--- What to work on ---
The output should be every line below that includes the word "mfrak".

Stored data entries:

definition sact :: "complex \<Rightarrow> qel \<times> qel \<Rightarrow> salg \<Rightarrow> salg" where
  "sact \<zeta> XY p = hact \<zeta> False (qeven (fst XY)) (qeven (snd XY)) p
                + hact \<zeta> True (qodd (fst XY)) (qodd (snd XY)) p"

definition mgens :: "salg set" where
  "mgens = {xvar (i, j) - (if i = j then aone else 0) | i j. True} \<union> range yvar"

inductive_set mfrak :: "salg set" where
  zero: "0 \<in> mfrak"
| step: "p \<in> mfrak \<Longrightarrow> g \<in> mgens \<Longrightarrow> amul (amul a g) b + p \<in> mfrak"

definition hfrak :: "complex \<Rightarrow> (qel \<times> qel) set" where
  "hfrak \<zeta> = {(tau \<zeta> g, g) | g. g \<in> qset}"

end

theory Submission
  imports Defs
begin

(* The point x_ij = delta_ij, y_ij = 0 defines an evaluation aeval : A -> C which is
   multiplicative, and every p differs from the constant aeval p by an element of m; so
   m is the kernel of aeval. For a superderivation D, aeval o D vanishes as soon as it
   vanishes on the generators x_ij, y_ij, and there it reads off the diagonal coefficients
   of the images of v_ij, w_ij in U. For (tau g, g) with g = (a, b) these are
   (1 + zeta) (a_ij - a_ij) and (1 + zeta) b_ij - (1 - zeta) zeta b_ij = (1 + zeta^2) b_ij,
   both zero. Hence h even maps all of A into m. *)

subsection \<open>Evaluation at the identity point\<close>

definition eval_mon :: "mon \<Rightarrow> complex" where
  "eval_mon m = (if snd m = {||} \<and> (\<forall>k\<in>Poly_Mapping.keys (fst m). fst k = snd k) then 1 else 0)"

definition aeval :: "salg \<Rightarrow> complex" where
  "aeval p = (\<Sum>m\<in>Poly_Mapping.keys p. Poly_Mapping.lookup p m * eval_mon m)"

lemma lookup_scal [simp]: "Poly_Mapping.lookup (scal c p) m = c * Poly_Mapping.lookup p m"
  by (simp add: scal_def Poly_Mapping.map.rep_eq when_def)

lemma keys_scal: "Poly_Mapping.keys (scal c p) \<subseteq> Poly_Mapping.keys p"
  by (auto simp: in_keys_iff)

lemma scal_0_right [simp]: "scal c 0 = 0"
  by (rule poly_mapping_eqI) simp

lemma scal_0_left [simp]: "scal 0 p = 0"
  by (rule poly_mapping_eqI) simp

lemma scal_add_left: "scal (a + b) p = scal a p + scal b p"
  by (rule poly_mapping_eqI) (simp add: lookup_add ring_distribs)

lemma scal_single [simp]: "scal c (Poly_Mapping.single m d) = Poly_Mapping.single m (c * d)"
  by (rule poly_mapping_eqI) (simp add: lookup_single when_def)

lemma aeval_eq_sum_superset:
  assumes "finite M" "Poly_Mapping.keys p \<subseteq> M"
  shows "aeval p = (\<Sum>m\<in>M. Poly_Mapping.lookup p m * eval_mon m)"
  unfolding aeval_def
  by (rule sum.mono_neutral_left) (use assms in \<open>auto simp: in_keys_iff\<close>)

lemma aeval_0 [simp]: "aeval 0 = 0"
  by (simp add: aeval_def)

lemma aeval_add: "aeval (p + q) = aeval p + aeval q"
proof -
  let ?M = "Poly_Mapping.keys p \<union> Poly_Mapping.keys q"
  have "aeval (p + q) = (\<Sum>m\<in>?M. Poly_Mapping.lookup (p + q) m * eval_mon m)"
    by (rule aeval_eq_sum_superset) (auto dest: keys_add[THEN subsetD])
  also have "\<dots> = (\<Sum>m\<in>?M. Poly_Mapping.lookup p m * eval_mon m)
                  + (\<Sum>m\<in>?M. Poly_Mapping.lookup q m * eval_mon m)"
    by (simp add: lookup_add ring_distribs sum.distrib)
  also have "\<dots> = aeval p + aeval q"
    by (subst (1 2) aeval_eq_sum_superset[of ?M]) auto
  finally show ?thesis .
qed

lemma aeval_sum: "aeval (sum f A) = (\<Sum>x\<in>A. aeval (f x))"
  by (induction A rule: infinite_finite_induct) (auto simp: aeval_add)

lemma aeval_scal: "aeval (scal c p) = c * aeval p"
proof -
  have "aeval (scal c p)
          = (\<Sum>m\<in>Poly_Mapping.keys p. Poly_Mapping.lookup (scal c p) m * eval_mon m)"
    by (rule aeval_eq_sum_superset) (auto simp: keys_scal[THEN subsetD])
  then show ?thesis
    by (simp add: aeval_def sum_distrib_left mult.assoc)
qed

lemma aeval_single [simp]: "aeval (Poly_Mapping.single m c) = c * eval_mon m"
  by (simp add: aeval_def)

lemma keys_add_nat:
  "Poly_Mapping.keys ((\<alpha> :: 'a \<Rightarrow>\<^sub>0 nat) + \<beta>) = Poly_Mapping.keys \<alpha> \<union> Poly_Mapping.keys \<beta>"
  by (auto simp: in_keys_iff lookup_add)

lemma aeval_mmul: "aeval (mmul m1 m2) = eval_mon m1 * eval_mon m2"
  by (cases m1; cases m2) (auto simp: mmul_def eval_mon_def keys_add_nat mon_sign_def)

lemma aeval_amul: "aeval (amul p q) = aeval p * aeval q"
  unfolding amul_def aeval_sum aeval_scal aeval_mmul
  by (simp add: aeval_def sum_product mult_ac)

lemma aeval_dmon_eq_0:
  assumes "\<And>k. aeval (dx k) = 0" "\<And>k. aeval (dy k) = 0"
  shows "aeval (dmon par dx dy m) = 0"
  unfolding dmon_def by (simp add: aeval_add aeval_sum aeval_scal aeval_amul assms)

lemma aeval_dact_eq_0:
  assumes "\<And>k. aeval (dx k) = 0" "\<And>k. aeval (dy k) = 0"
  shows "aeval (dact par dx dy p) = 0"
  unfolding dact_def by (simp add: aeval_sum aeval_scal aeval_dmon_eq_0 assms)

lemma sum_eq_support:
  assumes "finite A" "finite B"
    and "\<And>x. x \<in> A \<Longrightarrow> x \<notin> B \<Longrightarrow> g x = 0" "\<And>x. x \<in> B \<Longrightarrow> x \<notin> A \<Longrightarrow> g x = 0"
  shows "sum g A = sum g B"
  by (rule sum.mono_neutral_cong) (use assms in auto)

lemma single_one_eq_iff: "Poly_Mapping.single a (1::nat) = Poly_Mapping.single b 1 \<longleftrightarrow> a = b"
proof
  assume "Poly_Mapping.single a (1::nat) = Poly_Mapping.single b 1"
  then have "Poly_Mapping.lookup (Poly_Mapping.single b (1::nat)) a = 1" by (metis lookup_single_eq)
  then show "a = b" by (metis lookup_single_not_eq zero_neq_one)
qed simp

lemma single_Suc_0_eq_iff: "Poly_Mapping.single a (Suc 0) = Poly_Mapping.single b (Suc 0) \<longleftrightarrow> a = b"
  using single_one_eq_iff by simp

lemma aeval_toA:
  assumes F: "finite F" and supp: "\<And>l1 l2. t (l1, l2) \<noteq> 0 \<Longrightarrow> snd l1 \<in> F \<and> snd l2 \<in> F"
  shows "aeval (toA \<zeta> t) = (\<Sum>i\<in>F. t ((False, i), (False, i))) / (1 + \<zeta>)"
proof -
  define f where "f = (\<lambda>m::mon.
     if snd m = {||} \<and> (\<exists>k. fst m = Poly_Mapping.single k 1)
       then (let k = (SOME k. fst m = Poly_Mapping.single k 1)
             in t ((False, fst k), (False, snd k)) / (1 + \<zeta>))
     else if fst m = 0 \<and> (\<exists>k. snd m = {|k|})
       then (let k = (SOME k. snd m = {|k|})
             in t ((False, fst k), (True, snd k)) / (1 + \<zeta>))
     else 0)"
  have f1: "f (Poly_Mapping.single k 1, {||}) = t ((False, fst k), (False, snd k)) / (1 + \<zeta>)"
    for k
    by (simp add: f_def single_Suc_0_eq_iff)
  have sub: "{m. f m \<noteq> 0}
              \<subseteq> (\<lambda>k. (Poly_Mapping.single k 1, {||})) ` (F \<times> F) \<union> (\<lambda>k. (0, {|k|})) ` (F \<times> F)"
  proof
    fix m assume "m \<in> {m. f m \<noteq> 0}"
    then have fm: "f m \<noteq> 0" by simp
    obtain al S where m: "m = (al, S)" by (cases m)
    show "m \<in> (\<lambda>k. (Poly_Mapping.single k 1, {||})) ` (F \<times> F)
               \<union> (\<lambda>k. (0, {|k|})) ` (F \<times> F)"
    proof (cases "S = {||} \<and> (\<exists>k. al = Poly_Mapping.single k 1)")
      case True
      then obtain k where k: "al = Poly_Mapping.single k 1" "S = {||}" by blast
      with fm m f1 have "t ((False, fst k), (False, snd k)) \<noteq> 0" by auto
      then have "k \<in> F \<times> F" using supp by (cases k) fastforce
      then show ?thesis using k m by auto
    next
      case False
      with fm m have c: "al = 0 \<and> (\<exists>k. S = {|k|})" by (auto simp: f_def split: if_splits)
      then obtain k where k: "al = 0" "S = {|k|}" by blast
      with fm m False have "t ((False, fst k), (True, snd k)) \<noteq> 0" by (auto simp: f_def)
      then have "k \<in> F \<times> F" using supp by (cases k) fastforce
      then show ?thesis using k m by auto
    qed
  qed
  have fin: "finite {m. f m \<noteq> 0}" by (rule finite_subset[OF sub]) (use F in auto)
  have lk: "Poly_Mapping.lookup (toA \<zeta> t) = f"
    unfolding toA_def f_def[symmetric] using fin by simp
  define D where "D = (\<lambda>i. (Poly_Mapping.single (i, i) (1::nat), {||} :: idx fset)) ` F"
  have "aeval (toA \<zeta> t) = (\<Sum>m\<in>D. f m * eval_mon m)"
    unfolding aeval_def lk
  proof (rule sum_eq_support)
    show "finite D" using F by (simp add: D_def)
    fix x assume x: "x \<in> Poly_Mapping.keys (toA \<zeta> t)" "x \<notin> D"
    then have fx: "f x \<noteq> 0" by (simp add: in_keys_iff lk)
    show "f x * eval_mon x = 0"
    proof (rule ccontr)
      assume "f x * eval_mon x \<noteq> 0"
      then have e: "eval_mon x \<noteq> 0" by auto
      then have s: "snd x = {||}" and dg: "\<forall>k\<in>Poly_Mapping.keys (fst x). fst k = snd k"
        by (auto simp: eval_mon_def split: if_splits)
      have "x \<in> (\<lambda>k. (Poly_Mapping.single k 1, {||})) ` (F \<times> F)
                 \<union> (\<lambda>k. (0, {|k|})) ` (F \<times> F)"
        using sub fx by auto
      with s obtain k where k: "k \<in> F \<times> F" "x = (Poly_Mapping.single k 1, {||})" by auto
      with dg have "fst k = snd k" by simp
      with k have "x \<in> D" unfolding D_def by (cases k) auto
      with x show False by simp
    qed
  next
    fix x assume "x \<in> D" "x \<notin> Poly_Mapping.keys (toA \<zeta> t)"
    then show "f x * eval_mon x = 0" by (simp add: in_keys_iff lk)
  qed simp
  also have "\<dots> = (\<Sum>i\<in>F. f (Poly_Mapping.single (i, i) 1, {||})
                              * eval_mon (Poly_Mapping.single (i, i) 1, {||}))"
    unfolding D_def
    by (rule sum.reindex_cong[where l="\<lambda>i. (Poly_Mapping.single (i, i) (1::nat), {||} :: idx fset)"])
       (auto simp: inj_on_def single_Suc_0_eq_iff)
  also have "\<dots> = (\<Sum>i\<in>F. t ((False, i), (False, i)) / (1 + \<zeta>))"
    using f1 by (simp add: eval_mon_def)
  finally show ?thesis by (simp add: sum_divide_distrib)
qed

subsection \<open>The identity point is fixed by h\<close>

definition qsupported :: "nat set \<Rightarrow> qel \<Rightarrow> bool" where
  "qsupported F X \<longleftrightarrow> (\<forall>u v. vmat X u v \<noteq> 0 \<longrightarrow> snd u \<in> F \<and> snd v \<in> F)"

lemma qsupportedI:
  assumes A: "\<And>i j. fst X i j \<noteq> 0 \<Longrightarrow> i \<in> F \<and> j \<in> F"
    and B: "\<And>i j. snd X i j \<noteq> 0 \<Longrightarrow> i \<in> F \<and> j \<in> F"
  shows "qsupported F X"
  unfolding qsupported_def
proof (intro allI impI)
  fix u v :: lab assume h: "vmat X u v \<noteq> 0"
  obtain bu i where u: "u = (bu, i)" by (cases u)
  obtain bv j where v: "v = (bv, j)" by (cases v)
  have "fst X i j \<noteq> 0 \<or> snd X i j \<noteq> 0"
    using h unfolding u v by (cases bu; cases bv) (simp_all add: vmat_def)
  then have "i \<in> F \<and> j \<in> F" using A B by blast
  then show "snd u \<in> F \<and> snd v \<in> F" by (simp add: u v)
qed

--- Output below ---
inductive_set mfrak :: "salg set" where
  zero: "0 \<in> mfrak"
| step: "p \<in> mfrak \<Longrightarrow> g \<in> mgens \<Longrightarrow> amul (amul a g) b + p \<in> mfrak"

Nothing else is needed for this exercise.